### TASK
Scan the entries below. Return every line that includes "prems".

### SUPPLIED RECORDS
==========
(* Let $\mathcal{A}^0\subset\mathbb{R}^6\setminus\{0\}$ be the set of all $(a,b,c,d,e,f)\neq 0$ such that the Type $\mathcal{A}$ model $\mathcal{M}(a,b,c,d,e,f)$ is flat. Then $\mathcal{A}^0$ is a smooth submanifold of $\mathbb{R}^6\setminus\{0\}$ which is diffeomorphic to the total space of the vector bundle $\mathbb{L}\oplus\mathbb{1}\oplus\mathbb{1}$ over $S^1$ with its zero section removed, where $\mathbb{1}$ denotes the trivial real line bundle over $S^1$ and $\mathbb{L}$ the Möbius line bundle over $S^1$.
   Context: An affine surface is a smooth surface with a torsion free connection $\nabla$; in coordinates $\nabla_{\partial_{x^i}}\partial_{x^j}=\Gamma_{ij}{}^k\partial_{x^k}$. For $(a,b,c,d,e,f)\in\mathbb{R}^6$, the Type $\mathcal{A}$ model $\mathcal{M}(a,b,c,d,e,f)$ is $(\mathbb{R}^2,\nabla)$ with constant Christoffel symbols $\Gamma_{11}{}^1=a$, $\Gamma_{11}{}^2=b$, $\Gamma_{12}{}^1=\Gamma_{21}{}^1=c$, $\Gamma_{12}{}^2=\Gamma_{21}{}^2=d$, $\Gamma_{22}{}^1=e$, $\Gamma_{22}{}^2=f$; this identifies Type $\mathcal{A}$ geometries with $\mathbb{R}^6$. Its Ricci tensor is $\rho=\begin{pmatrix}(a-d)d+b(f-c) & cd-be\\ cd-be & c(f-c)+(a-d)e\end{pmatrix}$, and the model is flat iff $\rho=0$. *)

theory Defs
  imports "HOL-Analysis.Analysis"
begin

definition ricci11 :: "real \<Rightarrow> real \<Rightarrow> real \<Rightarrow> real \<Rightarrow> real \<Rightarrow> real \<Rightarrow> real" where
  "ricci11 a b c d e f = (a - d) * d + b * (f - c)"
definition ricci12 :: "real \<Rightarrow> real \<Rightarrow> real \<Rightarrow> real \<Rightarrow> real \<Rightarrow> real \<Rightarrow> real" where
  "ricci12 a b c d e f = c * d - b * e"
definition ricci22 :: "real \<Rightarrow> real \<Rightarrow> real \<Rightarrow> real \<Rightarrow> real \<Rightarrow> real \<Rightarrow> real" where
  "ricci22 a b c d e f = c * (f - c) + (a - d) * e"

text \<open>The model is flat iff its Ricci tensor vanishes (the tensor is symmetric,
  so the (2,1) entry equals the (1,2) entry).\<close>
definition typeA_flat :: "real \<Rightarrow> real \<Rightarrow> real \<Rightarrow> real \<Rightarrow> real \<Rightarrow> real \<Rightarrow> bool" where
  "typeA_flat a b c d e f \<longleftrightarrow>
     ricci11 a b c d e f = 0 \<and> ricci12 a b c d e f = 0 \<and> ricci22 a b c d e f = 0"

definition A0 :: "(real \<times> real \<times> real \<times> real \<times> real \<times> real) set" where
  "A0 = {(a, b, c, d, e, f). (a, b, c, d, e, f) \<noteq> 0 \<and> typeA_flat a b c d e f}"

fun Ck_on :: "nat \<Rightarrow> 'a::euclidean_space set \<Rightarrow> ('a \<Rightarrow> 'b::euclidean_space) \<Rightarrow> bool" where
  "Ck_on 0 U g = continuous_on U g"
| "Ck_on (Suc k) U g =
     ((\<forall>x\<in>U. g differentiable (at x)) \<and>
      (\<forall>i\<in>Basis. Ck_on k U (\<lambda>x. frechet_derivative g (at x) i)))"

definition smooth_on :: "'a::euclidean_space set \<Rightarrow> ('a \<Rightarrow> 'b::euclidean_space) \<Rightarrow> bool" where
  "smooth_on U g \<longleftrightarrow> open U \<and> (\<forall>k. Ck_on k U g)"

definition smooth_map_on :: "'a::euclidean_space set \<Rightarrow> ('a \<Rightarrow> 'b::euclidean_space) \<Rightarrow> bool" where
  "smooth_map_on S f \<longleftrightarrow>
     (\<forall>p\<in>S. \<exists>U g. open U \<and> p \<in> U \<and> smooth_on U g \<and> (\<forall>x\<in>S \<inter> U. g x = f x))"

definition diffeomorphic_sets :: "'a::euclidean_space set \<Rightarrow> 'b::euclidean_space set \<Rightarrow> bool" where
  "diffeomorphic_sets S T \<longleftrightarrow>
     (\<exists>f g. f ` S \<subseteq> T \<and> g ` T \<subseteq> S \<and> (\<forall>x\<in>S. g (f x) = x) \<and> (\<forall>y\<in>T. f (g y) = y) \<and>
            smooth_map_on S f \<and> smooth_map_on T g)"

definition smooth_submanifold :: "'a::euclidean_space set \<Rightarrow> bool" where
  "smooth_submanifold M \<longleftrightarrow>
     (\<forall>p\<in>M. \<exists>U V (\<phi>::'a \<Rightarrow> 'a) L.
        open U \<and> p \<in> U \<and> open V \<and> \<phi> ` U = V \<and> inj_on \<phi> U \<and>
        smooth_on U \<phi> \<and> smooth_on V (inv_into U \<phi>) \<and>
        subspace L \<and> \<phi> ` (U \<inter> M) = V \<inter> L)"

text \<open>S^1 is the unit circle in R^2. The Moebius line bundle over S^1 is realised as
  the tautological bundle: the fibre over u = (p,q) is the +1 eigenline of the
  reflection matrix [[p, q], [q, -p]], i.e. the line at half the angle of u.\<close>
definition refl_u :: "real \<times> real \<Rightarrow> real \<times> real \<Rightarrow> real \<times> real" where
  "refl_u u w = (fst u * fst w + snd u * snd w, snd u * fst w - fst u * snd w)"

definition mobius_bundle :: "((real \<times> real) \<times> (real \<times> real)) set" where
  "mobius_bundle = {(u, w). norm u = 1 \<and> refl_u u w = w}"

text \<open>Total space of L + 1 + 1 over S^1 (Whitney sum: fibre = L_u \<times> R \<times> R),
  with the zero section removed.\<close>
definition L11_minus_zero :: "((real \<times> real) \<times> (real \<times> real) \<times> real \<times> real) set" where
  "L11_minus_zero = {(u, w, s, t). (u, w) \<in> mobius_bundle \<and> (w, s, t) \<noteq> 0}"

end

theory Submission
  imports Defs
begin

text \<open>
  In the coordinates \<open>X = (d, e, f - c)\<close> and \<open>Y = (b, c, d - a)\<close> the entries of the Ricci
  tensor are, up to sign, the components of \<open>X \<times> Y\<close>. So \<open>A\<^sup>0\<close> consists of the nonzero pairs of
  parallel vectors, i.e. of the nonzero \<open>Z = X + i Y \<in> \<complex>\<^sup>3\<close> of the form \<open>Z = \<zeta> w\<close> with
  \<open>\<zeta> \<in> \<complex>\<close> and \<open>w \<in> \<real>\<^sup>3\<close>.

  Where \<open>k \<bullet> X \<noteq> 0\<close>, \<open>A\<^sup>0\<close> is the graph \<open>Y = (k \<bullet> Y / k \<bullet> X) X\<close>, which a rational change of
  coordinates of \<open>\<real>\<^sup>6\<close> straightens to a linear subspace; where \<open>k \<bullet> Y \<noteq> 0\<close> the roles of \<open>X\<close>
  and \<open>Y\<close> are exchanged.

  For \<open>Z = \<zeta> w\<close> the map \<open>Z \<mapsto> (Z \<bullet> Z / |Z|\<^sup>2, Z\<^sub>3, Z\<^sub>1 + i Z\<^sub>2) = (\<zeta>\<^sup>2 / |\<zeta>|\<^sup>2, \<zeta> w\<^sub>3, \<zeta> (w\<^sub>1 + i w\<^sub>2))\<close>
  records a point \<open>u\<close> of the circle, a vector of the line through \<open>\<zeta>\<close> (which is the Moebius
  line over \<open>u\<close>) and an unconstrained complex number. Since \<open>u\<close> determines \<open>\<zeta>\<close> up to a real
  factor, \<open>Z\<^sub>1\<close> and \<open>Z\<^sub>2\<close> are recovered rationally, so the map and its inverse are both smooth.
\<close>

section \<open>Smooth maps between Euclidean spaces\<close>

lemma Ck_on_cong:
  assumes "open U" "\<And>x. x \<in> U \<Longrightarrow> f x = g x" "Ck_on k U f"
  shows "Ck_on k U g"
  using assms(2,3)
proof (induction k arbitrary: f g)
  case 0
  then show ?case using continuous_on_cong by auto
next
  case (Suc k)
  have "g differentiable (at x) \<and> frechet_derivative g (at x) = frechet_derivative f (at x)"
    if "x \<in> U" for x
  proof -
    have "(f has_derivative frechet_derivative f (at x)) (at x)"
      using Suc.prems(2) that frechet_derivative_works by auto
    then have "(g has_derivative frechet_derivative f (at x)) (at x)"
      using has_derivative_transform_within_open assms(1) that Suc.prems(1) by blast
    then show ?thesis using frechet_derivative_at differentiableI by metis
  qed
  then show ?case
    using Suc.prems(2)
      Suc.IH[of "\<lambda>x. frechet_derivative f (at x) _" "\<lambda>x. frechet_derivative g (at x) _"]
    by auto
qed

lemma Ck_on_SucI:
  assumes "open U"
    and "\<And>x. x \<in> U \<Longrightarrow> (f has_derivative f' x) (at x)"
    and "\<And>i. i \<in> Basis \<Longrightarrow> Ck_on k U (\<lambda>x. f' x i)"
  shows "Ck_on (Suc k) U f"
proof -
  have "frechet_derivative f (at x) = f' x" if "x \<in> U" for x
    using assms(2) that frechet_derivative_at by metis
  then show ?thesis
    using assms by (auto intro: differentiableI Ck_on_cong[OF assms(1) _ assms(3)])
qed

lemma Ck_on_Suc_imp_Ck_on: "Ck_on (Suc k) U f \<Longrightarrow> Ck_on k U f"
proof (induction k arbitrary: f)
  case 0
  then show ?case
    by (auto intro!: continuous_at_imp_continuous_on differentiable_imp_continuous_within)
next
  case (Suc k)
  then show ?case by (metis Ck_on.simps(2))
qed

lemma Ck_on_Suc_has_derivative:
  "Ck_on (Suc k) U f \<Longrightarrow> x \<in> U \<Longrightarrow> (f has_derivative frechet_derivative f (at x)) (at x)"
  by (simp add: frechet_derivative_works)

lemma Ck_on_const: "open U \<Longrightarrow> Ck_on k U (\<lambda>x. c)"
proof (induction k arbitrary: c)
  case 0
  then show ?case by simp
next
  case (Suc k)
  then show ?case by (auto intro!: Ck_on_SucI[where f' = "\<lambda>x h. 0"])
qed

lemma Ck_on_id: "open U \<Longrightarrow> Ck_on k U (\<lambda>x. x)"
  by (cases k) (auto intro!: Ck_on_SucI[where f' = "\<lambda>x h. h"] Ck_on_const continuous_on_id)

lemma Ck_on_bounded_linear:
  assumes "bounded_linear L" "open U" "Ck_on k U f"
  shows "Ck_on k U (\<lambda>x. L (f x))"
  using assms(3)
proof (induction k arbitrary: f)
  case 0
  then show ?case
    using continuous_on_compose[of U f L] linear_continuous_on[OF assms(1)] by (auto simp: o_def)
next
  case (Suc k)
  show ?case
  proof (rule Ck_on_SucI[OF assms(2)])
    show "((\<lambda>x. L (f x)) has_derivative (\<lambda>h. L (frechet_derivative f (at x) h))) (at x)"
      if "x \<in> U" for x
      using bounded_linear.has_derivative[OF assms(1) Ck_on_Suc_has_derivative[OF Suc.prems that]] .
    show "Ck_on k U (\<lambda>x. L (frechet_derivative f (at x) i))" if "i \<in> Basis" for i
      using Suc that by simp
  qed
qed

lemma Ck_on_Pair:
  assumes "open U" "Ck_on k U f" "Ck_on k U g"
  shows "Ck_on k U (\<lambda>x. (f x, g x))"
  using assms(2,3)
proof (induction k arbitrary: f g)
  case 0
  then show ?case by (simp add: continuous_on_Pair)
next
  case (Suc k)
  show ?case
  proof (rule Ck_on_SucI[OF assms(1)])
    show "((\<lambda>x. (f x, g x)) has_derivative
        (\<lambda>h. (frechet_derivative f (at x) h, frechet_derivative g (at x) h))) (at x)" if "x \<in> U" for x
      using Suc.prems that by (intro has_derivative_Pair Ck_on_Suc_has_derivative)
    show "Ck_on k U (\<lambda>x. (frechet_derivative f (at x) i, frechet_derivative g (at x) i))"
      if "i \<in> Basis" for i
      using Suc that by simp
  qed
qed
==========
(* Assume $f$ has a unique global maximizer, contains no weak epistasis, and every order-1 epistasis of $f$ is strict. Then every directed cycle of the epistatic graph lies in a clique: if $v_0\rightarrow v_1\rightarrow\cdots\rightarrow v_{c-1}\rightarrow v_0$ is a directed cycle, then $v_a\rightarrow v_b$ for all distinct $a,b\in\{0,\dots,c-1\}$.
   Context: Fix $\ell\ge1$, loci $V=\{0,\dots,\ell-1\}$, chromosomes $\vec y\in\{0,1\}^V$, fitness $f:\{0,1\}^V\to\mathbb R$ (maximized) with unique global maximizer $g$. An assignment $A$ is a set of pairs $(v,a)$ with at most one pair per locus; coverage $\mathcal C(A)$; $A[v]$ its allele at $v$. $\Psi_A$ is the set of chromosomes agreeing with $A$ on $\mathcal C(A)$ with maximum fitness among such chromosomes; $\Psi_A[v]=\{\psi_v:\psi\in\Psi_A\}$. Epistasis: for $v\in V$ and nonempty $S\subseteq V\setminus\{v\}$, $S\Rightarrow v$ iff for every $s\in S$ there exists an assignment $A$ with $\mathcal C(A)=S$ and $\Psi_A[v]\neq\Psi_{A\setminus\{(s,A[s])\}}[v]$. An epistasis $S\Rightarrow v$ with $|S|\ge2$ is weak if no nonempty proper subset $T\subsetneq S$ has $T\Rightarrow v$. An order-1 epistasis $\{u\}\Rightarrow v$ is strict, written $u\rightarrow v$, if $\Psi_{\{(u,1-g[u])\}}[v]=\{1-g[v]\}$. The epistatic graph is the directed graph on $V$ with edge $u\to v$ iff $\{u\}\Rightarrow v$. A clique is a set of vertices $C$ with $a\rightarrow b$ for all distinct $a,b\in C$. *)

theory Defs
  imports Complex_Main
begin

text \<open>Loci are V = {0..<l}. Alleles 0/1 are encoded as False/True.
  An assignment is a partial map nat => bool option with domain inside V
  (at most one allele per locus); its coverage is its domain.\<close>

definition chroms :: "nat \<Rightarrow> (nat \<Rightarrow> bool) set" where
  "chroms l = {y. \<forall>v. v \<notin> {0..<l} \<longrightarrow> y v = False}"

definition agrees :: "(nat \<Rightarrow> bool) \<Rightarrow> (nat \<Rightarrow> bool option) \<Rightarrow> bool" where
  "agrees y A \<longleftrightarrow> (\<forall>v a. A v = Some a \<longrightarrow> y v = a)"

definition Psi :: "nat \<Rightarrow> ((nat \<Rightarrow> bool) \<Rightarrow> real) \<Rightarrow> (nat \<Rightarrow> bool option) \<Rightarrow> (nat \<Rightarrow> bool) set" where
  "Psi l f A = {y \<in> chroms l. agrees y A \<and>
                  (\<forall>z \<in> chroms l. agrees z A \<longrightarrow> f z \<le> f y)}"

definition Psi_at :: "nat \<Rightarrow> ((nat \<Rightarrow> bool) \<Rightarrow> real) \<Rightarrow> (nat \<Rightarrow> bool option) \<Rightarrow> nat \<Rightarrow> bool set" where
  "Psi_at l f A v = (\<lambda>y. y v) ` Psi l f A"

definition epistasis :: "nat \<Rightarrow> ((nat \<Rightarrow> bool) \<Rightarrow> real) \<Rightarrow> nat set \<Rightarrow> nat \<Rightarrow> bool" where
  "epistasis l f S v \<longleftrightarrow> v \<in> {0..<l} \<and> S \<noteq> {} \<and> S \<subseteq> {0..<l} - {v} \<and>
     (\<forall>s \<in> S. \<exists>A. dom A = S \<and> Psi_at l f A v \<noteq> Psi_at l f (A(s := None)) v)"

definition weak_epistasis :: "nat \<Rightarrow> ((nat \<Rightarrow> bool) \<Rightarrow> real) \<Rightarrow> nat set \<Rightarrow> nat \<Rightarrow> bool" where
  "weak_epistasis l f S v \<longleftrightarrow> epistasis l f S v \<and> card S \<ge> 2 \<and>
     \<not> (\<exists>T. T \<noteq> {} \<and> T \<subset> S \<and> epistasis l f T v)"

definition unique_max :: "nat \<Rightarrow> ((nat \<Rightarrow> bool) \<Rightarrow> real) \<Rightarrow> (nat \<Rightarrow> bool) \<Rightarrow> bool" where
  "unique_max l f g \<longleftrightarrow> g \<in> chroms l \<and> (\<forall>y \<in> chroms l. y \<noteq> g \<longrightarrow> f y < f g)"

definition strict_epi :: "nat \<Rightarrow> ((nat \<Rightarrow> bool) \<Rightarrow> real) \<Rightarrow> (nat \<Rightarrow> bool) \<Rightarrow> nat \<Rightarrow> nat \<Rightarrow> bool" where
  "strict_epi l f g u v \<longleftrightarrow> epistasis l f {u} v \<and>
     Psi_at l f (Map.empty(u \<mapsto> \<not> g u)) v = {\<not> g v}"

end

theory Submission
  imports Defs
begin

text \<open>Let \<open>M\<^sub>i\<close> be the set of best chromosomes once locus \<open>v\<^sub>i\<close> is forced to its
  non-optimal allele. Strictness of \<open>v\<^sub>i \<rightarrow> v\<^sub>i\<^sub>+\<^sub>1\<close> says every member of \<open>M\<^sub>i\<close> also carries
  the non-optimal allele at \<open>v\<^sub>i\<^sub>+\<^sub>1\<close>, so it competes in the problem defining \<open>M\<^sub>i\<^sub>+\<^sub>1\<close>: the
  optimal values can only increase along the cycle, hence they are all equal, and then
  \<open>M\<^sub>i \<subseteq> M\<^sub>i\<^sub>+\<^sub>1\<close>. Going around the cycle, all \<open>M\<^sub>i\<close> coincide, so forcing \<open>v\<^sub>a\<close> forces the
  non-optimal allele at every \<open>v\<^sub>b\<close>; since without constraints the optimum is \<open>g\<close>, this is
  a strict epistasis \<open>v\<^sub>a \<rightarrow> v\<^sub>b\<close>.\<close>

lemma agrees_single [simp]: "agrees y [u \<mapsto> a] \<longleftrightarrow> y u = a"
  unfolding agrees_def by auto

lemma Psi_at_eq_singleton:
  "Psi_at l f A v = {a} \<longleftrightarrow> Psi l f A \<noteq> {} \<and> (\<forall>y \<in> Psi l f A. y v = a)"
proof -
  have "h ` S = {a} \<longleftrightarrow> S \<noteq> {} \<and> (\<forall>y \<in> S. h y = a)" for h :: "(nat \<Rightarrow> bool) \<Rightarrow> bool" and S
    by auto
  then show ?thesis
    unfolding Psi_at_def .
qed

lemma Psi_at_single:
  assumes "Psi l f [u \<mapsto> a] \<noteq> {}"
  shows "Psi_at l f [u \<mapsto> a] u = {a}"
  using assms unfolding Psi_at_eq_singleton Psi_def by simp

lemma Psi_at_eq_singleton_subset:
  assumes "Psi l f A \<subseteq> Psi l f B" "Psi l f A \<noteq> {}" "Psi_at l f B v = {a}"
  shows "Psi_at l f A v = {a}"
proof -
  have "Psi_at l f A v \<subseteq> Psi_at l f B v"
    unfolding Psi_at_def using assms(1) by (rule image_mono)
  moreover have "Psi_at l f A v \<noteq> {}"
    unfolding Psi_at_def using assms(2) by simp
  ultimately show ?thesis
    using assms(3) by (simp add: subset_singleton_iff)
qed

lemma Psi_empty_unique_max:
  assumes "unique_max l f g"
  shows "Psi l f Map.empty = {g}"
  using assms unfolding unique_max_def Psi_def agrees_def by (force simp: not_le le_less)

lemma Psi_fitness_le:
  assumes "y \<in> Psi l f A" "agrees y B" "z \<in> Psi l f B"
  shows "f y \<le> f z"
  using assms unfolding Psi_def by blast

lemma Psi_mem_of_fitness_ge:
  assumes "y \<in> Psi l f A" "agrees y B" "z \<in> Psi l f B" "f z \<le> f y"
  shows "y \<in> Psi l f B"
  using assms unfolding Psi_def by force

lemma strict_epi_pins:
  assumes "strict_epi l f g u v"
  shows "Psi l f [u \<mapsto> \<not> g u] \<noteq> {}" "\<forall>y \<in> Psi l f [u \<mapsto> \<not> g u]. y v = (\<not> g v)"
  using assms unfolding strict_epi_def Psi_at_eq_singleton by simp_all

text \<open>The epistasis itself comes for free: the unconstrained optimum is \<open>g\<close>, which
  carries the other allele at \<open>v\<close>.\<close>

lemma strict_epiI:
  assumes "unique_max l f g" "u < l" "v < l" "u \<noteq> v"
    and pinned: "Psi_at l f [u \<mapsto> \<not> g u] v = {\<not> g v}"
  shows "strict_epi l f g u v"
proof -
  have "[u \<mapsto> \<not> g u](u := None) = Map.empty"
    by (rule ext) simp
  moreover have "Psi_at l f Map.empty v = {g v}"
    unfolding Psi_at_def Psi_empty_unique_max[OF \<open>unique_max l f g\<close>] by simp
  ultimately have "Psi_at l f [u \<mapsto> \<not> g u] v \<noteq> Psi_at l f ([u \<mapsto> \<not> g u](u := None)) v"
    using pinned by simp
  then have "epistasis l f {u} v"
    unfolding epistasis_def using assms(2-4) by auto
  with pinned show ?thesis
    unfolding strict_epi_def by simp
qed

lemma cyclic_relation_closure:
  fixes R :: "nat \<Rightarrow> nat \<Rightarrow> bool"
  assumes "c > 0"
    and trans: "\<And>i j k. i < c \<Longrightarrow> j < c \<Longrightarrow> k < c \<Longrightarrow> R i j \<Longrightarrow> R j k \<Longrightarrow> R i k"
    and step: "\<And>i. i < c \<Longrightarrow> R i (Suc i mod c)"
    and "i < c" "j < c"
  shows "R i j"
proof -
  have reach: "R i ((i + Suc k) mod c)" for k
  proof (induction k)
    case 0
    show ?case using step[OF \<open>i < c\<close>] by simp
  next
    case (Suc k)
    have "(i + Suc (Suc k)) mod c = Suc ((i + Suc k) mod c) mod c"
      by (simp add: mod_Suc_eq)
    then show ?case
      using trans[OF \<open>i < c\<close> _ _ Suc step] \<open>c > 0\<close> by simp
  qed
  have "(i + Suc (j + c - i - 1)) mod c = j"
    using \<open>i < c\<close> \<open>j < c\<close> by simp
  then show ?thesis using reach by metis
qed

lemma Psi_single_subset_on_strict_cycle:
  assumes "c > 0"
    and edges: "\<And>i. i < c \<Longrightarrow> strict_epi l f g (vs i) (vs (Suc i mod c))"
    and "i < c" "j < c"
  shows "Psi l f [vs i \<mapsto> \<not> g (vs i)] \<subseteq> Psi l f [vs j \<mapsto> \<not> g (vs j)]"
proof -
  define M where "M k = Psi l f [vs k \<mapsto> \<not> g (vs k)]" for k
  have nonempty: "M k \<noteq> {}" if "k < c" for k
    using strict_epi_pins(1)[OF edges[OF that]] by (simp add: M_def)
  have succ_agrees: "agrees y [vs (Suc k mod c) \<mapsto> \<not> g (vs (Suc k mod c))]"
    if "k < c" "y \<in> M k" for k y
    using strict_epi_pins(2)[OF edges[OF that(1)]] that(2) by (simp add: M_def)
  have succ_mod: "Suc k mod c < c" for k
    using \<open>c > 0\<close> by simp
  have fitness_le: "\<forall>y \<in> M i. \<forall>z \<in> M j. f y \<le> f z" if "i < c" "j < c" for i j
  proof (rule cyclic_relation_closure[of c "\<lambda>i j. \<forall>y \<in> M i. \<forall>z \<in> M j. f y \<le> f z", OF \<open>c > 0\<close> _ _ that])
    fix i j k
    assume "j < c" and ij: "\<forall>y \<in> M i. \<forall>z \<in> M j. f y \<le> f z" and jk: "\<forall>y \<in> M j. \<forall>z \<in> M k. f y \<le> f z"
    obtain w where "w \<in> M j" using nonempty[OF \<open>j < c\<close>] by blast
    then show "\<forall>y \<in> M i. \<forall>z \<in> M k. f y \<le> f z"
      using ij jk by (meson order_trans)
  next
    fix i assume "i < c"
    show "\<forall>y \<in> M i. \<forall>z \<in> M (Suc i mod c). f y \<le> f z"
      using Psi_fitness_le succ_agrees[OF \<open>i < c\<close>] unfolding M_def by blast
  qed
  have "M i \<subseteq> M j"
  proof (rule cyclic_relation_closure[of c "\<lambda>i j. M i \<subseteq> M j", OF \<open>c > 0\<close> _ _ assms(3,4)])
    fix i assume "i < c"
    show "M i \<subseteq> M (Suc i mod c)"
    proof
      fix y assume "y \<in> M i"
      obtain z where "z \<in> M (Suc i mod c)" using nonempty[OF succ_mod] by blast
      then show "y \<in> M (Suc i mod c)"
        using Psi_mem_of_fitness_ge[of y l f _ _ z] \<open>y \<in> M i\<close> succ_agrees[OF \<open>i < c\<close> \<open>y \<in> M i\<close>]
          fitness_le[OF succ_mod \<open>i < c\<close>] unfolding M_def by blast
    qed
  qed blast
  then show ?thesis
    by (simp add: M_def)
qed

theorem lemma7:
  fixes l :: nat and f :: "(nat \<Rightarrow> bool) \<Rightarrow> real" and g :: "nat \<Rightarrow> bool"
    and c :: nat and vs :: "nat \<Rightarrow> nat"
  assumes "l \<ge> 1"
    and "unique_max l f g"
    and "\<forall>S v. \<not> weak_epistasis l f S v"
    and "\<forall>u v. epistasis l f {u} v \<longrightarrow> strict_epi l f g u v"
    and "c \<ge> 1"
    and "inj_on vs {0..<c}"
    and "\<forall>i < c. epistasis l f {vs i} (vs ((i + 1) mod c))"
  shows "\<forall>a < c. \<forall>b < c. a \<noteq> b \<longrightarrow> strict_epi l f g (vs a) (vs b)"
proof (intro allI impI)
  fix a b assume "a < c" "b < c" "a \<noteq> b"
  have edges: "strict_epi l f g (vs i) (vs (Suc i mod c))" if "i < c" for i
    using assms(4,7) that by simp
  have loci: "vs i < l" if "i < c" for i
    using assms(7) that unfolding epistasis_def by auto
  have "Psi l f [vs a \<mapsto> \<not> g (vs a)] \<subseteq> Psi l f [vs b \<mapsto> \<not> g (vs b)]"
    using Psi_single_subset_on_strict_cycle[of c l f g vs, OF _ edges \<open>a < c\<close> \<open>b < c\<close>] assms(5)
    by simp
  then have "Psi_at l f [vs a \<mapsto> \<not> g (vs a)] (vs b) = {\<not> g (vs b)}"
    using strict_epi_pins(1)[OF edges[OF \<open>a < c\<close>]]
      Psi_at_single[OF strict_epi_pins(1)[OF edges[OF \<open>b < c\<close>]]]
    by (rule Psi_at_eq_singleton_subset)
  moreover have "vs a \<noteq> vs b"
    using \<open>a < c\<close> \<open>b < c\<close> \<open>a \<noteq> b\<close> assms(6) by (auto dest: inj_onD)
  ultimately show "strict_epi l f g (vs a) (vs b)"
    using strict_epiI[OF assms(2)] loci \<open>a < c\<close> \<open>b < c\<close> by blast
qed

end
==========
### WRITTEN RESPONSE
      using Suc.prems(2) that frechet_derivative_works by auto
      using has_derivative_transform_within_open assms(1) that Suc.prems(1) by blast
    using Suc.prems(2)
      using bounded_linear.has_derivative[OF assms(1) Ck_on_Suc_has_derivative[OF Suc.prems that]] .
      using Suc.prems that by (intro has_derivative_Pair Ck_on_Suc_has_derivative)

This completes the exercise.